Universal Asynchronous Receiver-Transmitter (UART)

An UART is a peripheral device for asynchronous serial communication that allows two devices to exchange serial data. An UART is usually a part of an integrated circuit (IC) used in computers, microcontrollers, and embedded systems for device-to-device communication.

The UART circuit has only two connectors, one to send or transmit data (the TX connector) and one to receive data (the RX connector). The sending and receiving devices both need to have a UART component. The TX connector on one UART is connected to the RX connector on the other UART and vice versa.

It can communicate in simplex (data can be transmitted in one direction only), half-duplex (data can be transmitted on both directions but only one at a time), or full-duplex modes (data can be transmitted in both directions at the same time).

The sending UART converts parallel data from the device it is connected to into serial form, transmits it in serial to the receiving UART, which converts the serial data back into parallel data for the receiving device.

UARTs transmit data asynchronously, which means there is no clock signal to synchronize the output of bits from the transmitting UART to the sampling of bits by the receiving UART. Both sides are set to a pre-configured baud rate that dictates the speed and timing of data transmission. In addition, the transmitting UART adds start and stop bits to the data packet. These bits define the beginning and end of the data packet, so the receiving UART knows when to start reading the bits.

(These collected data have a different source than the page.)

lemma avoid_prob_eq_taboo_iter: "avoid_prob K s n = (taboo_step K s ^^ n) (\<lambda>_. 1)"
  by (induction n) (simp_all add: avoid_prob_Suc)

lemma unit_valued_avoid_prob: "unit_valued (avoid_prob K s n)"
  unfolding avoid_prob_eq_taboo_iter by (rule unit_valued_taboo_iter) (simp add: unit_valued_def)

lemma taboo_iter_le_avoid_prob:
  "unit_valued g \<Longrightarrow> (taboo_step K s ^^ n) g v \<le> avoid_prob K s n v"
proof (induction n arbitrary: v)
  case 0
  then show ?case by (simp add: unit_valued_def)
next
  case (Suc n)
  have "taboo_expectation (K v) s ((taboo_step K s ^^ n) g)
      \<le> taboo_expectation (K v) s (avoid_prob K s n)"
    by (intro taboo_expectation_mono unit_valued_taboo_iter unit_valued_avoid_prob Suc)
  then show ?case by (simp add: avoid_prob_Suc taboo_step_def[of K s _ v])
qed

lemma stationary_taboo_expectation_step:
  assumes "bind_pmf p K = p" "unit_valued g"
  shows "taboo_expectation p s g
    = pmf p s * taboo_step K s g s + taboo_expectation p s (taboo_step K s g)"
proof -
  have "taboo_expectation p s g
      = measure_pmf.expectation (bind_pmf p K) (\<lambda>w. if w = s then 0 else g w)"
    using assms(1) by (simp add: taboo_expectation_def)
  also have "\<dots> = measure_pmf.expectation p (taboo_step K s g)"
    unfolding taboo_step_def taboo_expectation_def
    by (rule expectation_bind_pmf_bounded[where B=1]) (simp add: assms(2) unit_valued_abs_le_1)
  also have "\<dots> = pmf p s * taboo_step K s g s + taboo_expectation p s (taboo_step K s g)"
    unfolding taboo_expectation_def
    by (rule expectation_split_point[where B=1])
       (rule unit_valued_abs_le_1[OF unit_valued_taboo_step[OF assms(2)]])
  finally show ?thesis .
qed

lemma stationary_taboo_expectation_iter:
  assumes "bind_pmf p K = p" "unit_valued g"
  shows "taboo_expectation p s g = pmf p s * (\<Sum>k<n. (taboo_step K s ^^ Suc k) g s)
    + taboo_expectation p s ((taboo_step K s ^^ n) g)"
proof (induction n)
  case (Suc n)
  from stationary_taboo_expectation_step[OF assms(1) unit_valued_taboo_iter[OF assms(2)]]
  have "taboo_expectation p s ((taboo_step K s ^^ n) g)
      = pmf p s * (taboo_step K s ^^ Suc n) g s + taboo_expectation p s ((taboo_step K s ^^ Suc n) g)"
    by simp
  with Suc show ?case by (simp add: algebra_simps)
qed simp

lemma taboo_expectation_iter_tendsto_0:
  assumes "\<forall>v\<in>set_pmf p. (\<lambda>n. avoid_prob K s n v) \<longlonglongrightarrow> 0" "unit_valued g"
  shows "(\<lambda>n. taboo_expectation p s ((taboo_step K s ^^ n) g)) \<longlonglongrightarrow> 0"
proof (rule tendsto_sandwich[OF _ _ tendsto_const])
  have "(\<lambda>n. if v = s then 0 else avoid_prob K s n v) \<longlonglongrightarrow> 0" if "v \<in> set_pmf p" for v
    using assms(1) that by (cases "v = s") auto
  then have "(\<lambda>n. measure_pmf.expectation p (\<lambda>w. if w = s then 0 else avoid_prob K s n w))
      \<longlonglongrightarrow> measure_pmf.expectation p (\<lambda>_. 0)"
    by (intro integral_dominated_convergence[where w="\<lambda>_. 1"])
       (auto simp: unit_valued_abs_le_1[OF unit_valued_avoid_prob] intro!: AE_pmfI)
  then show "(\<lambda>n. taboo_expectation p s (avoid_prob K s n)) \<longlonglongrightarrow> 0"
    by (simp add: taboo_expectation_def)
  show "\<forall>\<^sub>F n in sequentially. 0 \<le> taboo_expectation p s ((taboo_step K s ^^ n) g)"
    by (simp add: taboo_expectation_nonneg unit_valued_taboo_iter assms(2))
  show "\<forall>\<^sub>F n in sequentially.
      taboo_expectation p s ((taboo_step K s ^^ n) g) \<le> taboo_expectation p s (avoid_prob K s n)"
    by (intro always_eventually allI taboo_expectation_mono unit_valued_taboo_iter
        unit_valued_avoid_prob taboo_iter_le_avoid_prob assms(2))
qed

text \<open>The cycle formula: a stationary distribution, off s, is p(s) times the expected
  occupation of an excursion from s.\<close>
lemma stationary_cycle_formula:
  assumes "bind_pmf p K = p" "\<forall>v\<in>set_pmf p. (\<lambda>n. avoid_prob K s n v) \<longlonglongrightarrow> 0"
    and "unit_valued g"
  shows "(\<lambda>n. pmf p s * (\<Sum>k<n. (taboo_step K s ^^ Suc k) g s)) \<longlonglongrightarrow> taboo_expectation p s g"
proof -
  have "(\<lambda>n. taboo_expectation p s g - taboo_expectation p s ((taboo_step K s ^^ n) g))
      \<longlonglongrightarrow> taboo_expectation p s g - 0"
    by (intro tendsto_intros taboo_expectation_iter_tendsto_0 assms(2,3))
  moreover have "taboo_expectation p s g - taboo_expectation p s ((taboo_step K s ^^ n) g)
      = pmf p s * (\<Sum>k<n. (taboo_step K s ^^ Suc k) g s)" for n
    using stationary_taboo_expectation_iter[OF assms(1,3), of s n] by simp
  ultimately show ?thesis by simp
qed

lemma LIMSEQ_scaled_unique:
  fixes a b :: real
  assumes "(\<lambda>n. a * X n) \<longlonglongrightarrow> 1" "(\<lambda>n. b * X n) \<longlonglongrightarrow> 1"
  shows "a = b"
proof -
  have nonzero: "c \<noteq> 0" if "(\<lambda>n. c * X n) \<longlonglongrightarrow> 1" for c :: real
  proof
    assume "c = 0"
    with that have "(\<lambda>n. 0::real) \<longlonglongrightarrow> 1" by simp
    then show False using LIMSEQ_unique[OF tendsto_const] by fastforce
  qed
  have limit: "X \<longlonglongrightarrow> 1 / c" if "(\<lambda>n. c * X n) \<longlonglongrightarrow> 1" for c :: real
    using tendsto_mult[OF tendsto_const[of "1 / c"] that] nonzero[OF that] by simp
  have "1 / a = 1 / b" by (rule LIMSEQ_unique[OF limit limit]) (fact assms)+
  then show ?thesis by simp
qed
text \<open>A run of Adam with the epsilon-modified update (x t is the iterate x_t, t >= 1).
  The weighted projection Pi_{F, sqrt V_t} is an argmin, taken as any minimiser.\<close>
definition adam_eps_run ::
  "nat \<Rightarrow> (nat \<Rightarrow> real) set \<Rightarrow> (nat \<Rightarrow> (nat \<Rightarrow> real) \<Rightarrow> (nat \<Rightarrow> real))
   \<Rightarrow> real \<Rightarrow> real \<Rightarrow> real \<Rightarrow> real
   \<Rightarrow> (nat \<Rightarrow> nat \<Rightarrow> real) \<Rightarrow> (nat \<Rightarrow> nat \<Rightarrow> real) \<Rightarrow> (nat \<Rightarrow> nat \<Rightarrow> real) \<Rightarrow> bool" where
  "adam_eps_run d F grad \<alpha> \<beta>1 \<beta>2 \<epsilon> x m v \<longleftrightarrow>
     x 1 \<in> F \<and> m 0 = (\<lambda>i. 0) \<and> v 0 = (\<lambda>i. 0) \<and>
     (\<forall>t\<ge>1.
        m t = (\<lambda>i. \<beta>1 * m (t - 1) i + (1 - \<beta>1) * grad t (x t) i) \<and>
        v t = (\<lambda>i. \<beta>2 * v (t - 1) i + (1 - \<beta>2) * (grad t (x t) i)\<^sup>2) \<and>
        (let xhat = (\<lambda>i. x t i - (\<alpha> / sqrt (real t)) * m t i / sqrt (v t i + \<epsilon>)) in
          x (t + 1) \<in> F \<and>
          (\<forall>z\<in>F. (\<Sum>i<d. sqrt (v t i) * (x (t + 1) i - xhat i)\<^sup>2)
                   \<le> (\<Sum>i<d. sqrt (v t i) * (z i - xhat i)\<^sup>2))))"

definition regret :: "(nat \<Rightarrow> real) set \<Rightarrow> (nat \<Rightarrow> (nat \<Rightarrow> real) \<Rightarrow> real)
    \<Rightarrow> (nat \<Rightarrow> nat \<Rightarrow> real) \<Rightarrow> nat \<Rightarrow> real" where
  "regret F f x T = (\<Sum>t=1..T. f t (x t)) - (INF y\<in>F. \<Sum>t=1..T. f t y)"

end

(*
  Take d = 1, F = [-1, 1], beta1 = 0, beta2 = 1/1000, alpha = 1 and linear losses whose gradients
  are sqrt eps times the periodic pattern 30, -10, -10. Because the gradients scale like sqrt eps
  and the second moment like eps, eps cancels from the eps-modified update, and every run follows
  the clipped recursion y(t+1) = clip (y(t) - s(t)) with an eps-free step s(t). Right after a large
  gradient the second moment is large, so the step towards -1 is at most 1/sqrt t, while each of
  the two following steps away from -1 is at least 0.9/sqrt t'. Hence the iterates at times 3k+1
  never decrease and stay bounded away from -1 from t = 4 on, and the comparator -1 gains a fixed
  positive amount on the iterates in every period: the regret grows linearly.
*)
theory Submission
  imports Defs
begin

definition clip :: "real \<Rightarrow> real" where
  "clip h = max (-1) (min 1 h)"

lemma clip_bounds: "-1 \<le> clip h \<and> clip h \<le> 1"
  unfolding clip_def by auto

lemma clip_nearest:
  assumes "-1 \<le> z" "z \<le> 1"
  shows "(clip h - h)\<^sup>2 \<le> (z - h)\<^sup>2"
proof -
  have "\<bar>clip h - h\<bar> \<le> \<bar>z - h\<bar>" using assms unfolding clip_def by (auto simp: max_def min_def)
  then show ?thesis by (simp add: abs_le_square_iff)
qed

lemma nearest_eq_clip:
  assumes "-1 \<le> z" "z \<le> 1" "(z - h)\<^sup>2 \<le> (clip h - h)\<^sup>2"
  shows "z = clip h"
proof -
  have "\<bar>z - h\<bar> \<le> \<bar>clip h - h\<bar>" using assms(3) by (simp add: abs_le_square_iff)
  then show ?thesis using assms(1,2) unfolding clip_def by (auto simp: max_def min_def split: if_splits)
qed

lemma clip_three_steps:
  assumes y: "-1 \<le> y" "y \<le> 1"
    and s: "0 \<le> s1" "s2 < 0" "s3 < 0" "s1 \<le> - s2 - s3"
    and y1: "y1 = clip (y - s1)" and y2: "y2 = clip (y1 - s2)" and y3: "y3 = clip (y2 - s3)"
  shows "y1 \<le> y \<and> y2 \<le> y3 \<and> y \<le> y3 \<and> -1 < y3"
proof -
  have y1_eq: "y1 = max (-1) (y - s1)" using y s y1 unfolding clip_def by simp
  have y2_eq: "y2 = min 1 (y1 - s2)" using y1_eq y s y2 unfolding clip_def by simp
  have y3_eq: "y3 = min 1 (y2 - s3)" using y2_eq y1_eq y s y3 unfolding clip_def by simp
  have "y \<le> y3"
  proof (cases "y2 - s3 \<le> 1")
    case True
    then have "y2 = y1 - s2" using y2_eq s by (simp add: min_def split: if_splits)
    then show ?thesis using True y1_eq y3_eq s by simp
  next
    case False
    then show ?thesis using y3_eq y by simp
  qed
  moreover have "y1 \<le> y" "y2 \<le> y3" "-1 < y3" using y1_eq y2_eq y3_eq y s by auto
  ultimately show ?thesis by simp
qed

lemma sum_atLeastAtMost_triples:
  fixes g :: "nat \<Rightarrow> 'a::comm_monoid_add"
  shows "(\<Sum>t=1..3*n. g t) = (\<Sum>k<n. g (3*k+1) + g (3*k+2) + g (3*k+3))"
proof (induction n)
  case 0 then show ?case by simp
next
  case (Suc n)
  have "3 * Suc n = Suc (Suc (Suc (3*n)))" by simp
  then have "(\<Sum>t=1..3 * Suc n. g t) = (\<Sum>t=1..3*n. g t) + g (3*n+1) + g (3*n+2) + g (3*n+3)"
    by (simp add: sum.cl_ivl_Suc add.assoc eval_nat_numeral)
  then show ?case using Suc.IH by (simp add: add.assoc)
qed

lemma sum_lessThan_ge_of_mono:
  fixes f :: "nat \<Rightarrow> real"
  assumes mono: "\<And>k. f k \<le> f (Suc k)" and "0 \<le> f 0"
  shows "(real n - 1) * f 1 \<le> (\<Sum>k<n. f k)"
proof (induction n)
  case 0
  have "0 \<le> f 1" using assms(2) mono[of 0] by simp
  then show ?case by simp
next
  case (Suc n)
  show ?case
  proof (cases n)
    case 0 then show ?thesis using assms by simp
  next
    case (Suc j)
    then have "f 1 \<le> f n" using lift_Suc_mono_le[of f 1 n, OF mono] by simp
    then show ?thesis using Suc.IH by (simp add: algebra_simps)
  qed
qed

lemma not_tendsto_zero_of_linear_growth:
  fixes r :: "nat \<Rightarrow> real"
  assumes "0 < k" "0 < a" and growth: "\<And>n. a * real n - b \<le> r (k * n)"
  shows "\<not> (\<lambda>T. r T / real T) \<longlonglongrightarrow> 0"
proof
  assume lim: "(\<lambda>T. r T / real T) \<longlonglongrightarrow> 0"
  have sub: "(\<lambda>n. r (k * n) / real (k * n)) \<longlonglongrightarrow> 0"
    using LIMSEQ_subseq_LIMSEQ[OF lim, of "\<lambda>n. k * n"] assms(1)
    unfolding strict_mono_def comp_def by simp
  have lower: "(\<lambda>n. a / k - (b / k) / real n) \<longlonglongrightarrow> a / k - 0"
    by (intro tendsto_diff tendsto_const lim_const_over_n)
  have "a / k - (b / k) / real n \<le> r (k * n) / real (k * n)" if "n \<ge> 1" for n
  proof -
    have "a / k - (b / k) / real n = (a * real n - b) / real (k * n)"
      using that assms(1) by (simp add: field_simps)
    then show ?thesis using growth[of n] that assms(1) by (simp add: divide_right_mono)
  qed
  then have "a / k - 0 \<le> 0"
    using LIMSEQ_le[OF lower sub] by blast
  then show False using assms by (simp add: divide_le_0_iff)
qed

lemma inv_sqrt_le_next_two:
  assumes "t \<ge> (1::nat)"
  shows "1 / sqrt (real t) \<le> 0.9 / sqrt (real (t + 1)) + 0.9 / sqrt (real (t + 2))"
proof -
  have tp: "0 < sqrt (real t)" using assms by simp
  have "(1.8 * sqrt (real t))\<^sup>2 = 3.24 * real t"
    by (simp only: power_mult_distrib real_sqrt_pow2[OF of_nat_0_le_iff]) (simp add: power2_eq_square)
  then have "real (t + 2) \<le> (1.8 * sqrt (real t))\<^sup>2"
    using assms by simp
  then have "sqrt (real (t + 2)) \<le> sqrt ((1.8 * sqrt (real t))\<^sup>2)"
    by (subst real_sqrt_le_iff)
  then have t2: "sqrt (real (t + 2)) \<le> 1.8 * sqrt (real t)"
    using tp by simp
  have "1 / sqrt (real t) \<le> 0.9 / sqrt (real (t + 2)) + 0.9 / sqrt (real (t + 2))"
    using t2 tp by (simp add: divide_simps)
  also have "\<dots> \<le> 0.9 / sqrt (real (t + 1)) + 0.9 / sqrt (real (t + 2))"
    using divide_left_mono[of "sqrt (real (t + 1))" "sqrt (real (t + 2))" "0.9"] by simp
  finally show ?thesis .
qed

When the receiving UART detects a start bit then starts to read the incoming bits at a specific frequency known as the baud rate. Baud rate is a measure of the data transfer speed, expressed in bits per second (bps). Both UARTs must operate at the same baud rate and be configured to transmit and receive the same data packet structure.

UART

UART is the communication protocol that is used to exchange data between a computer and the microcontroller (in our projects the Arduino, ESP32 and Raspberry Pico boards) when uploading a program to the microcontroller or when reading data from a microcontroller.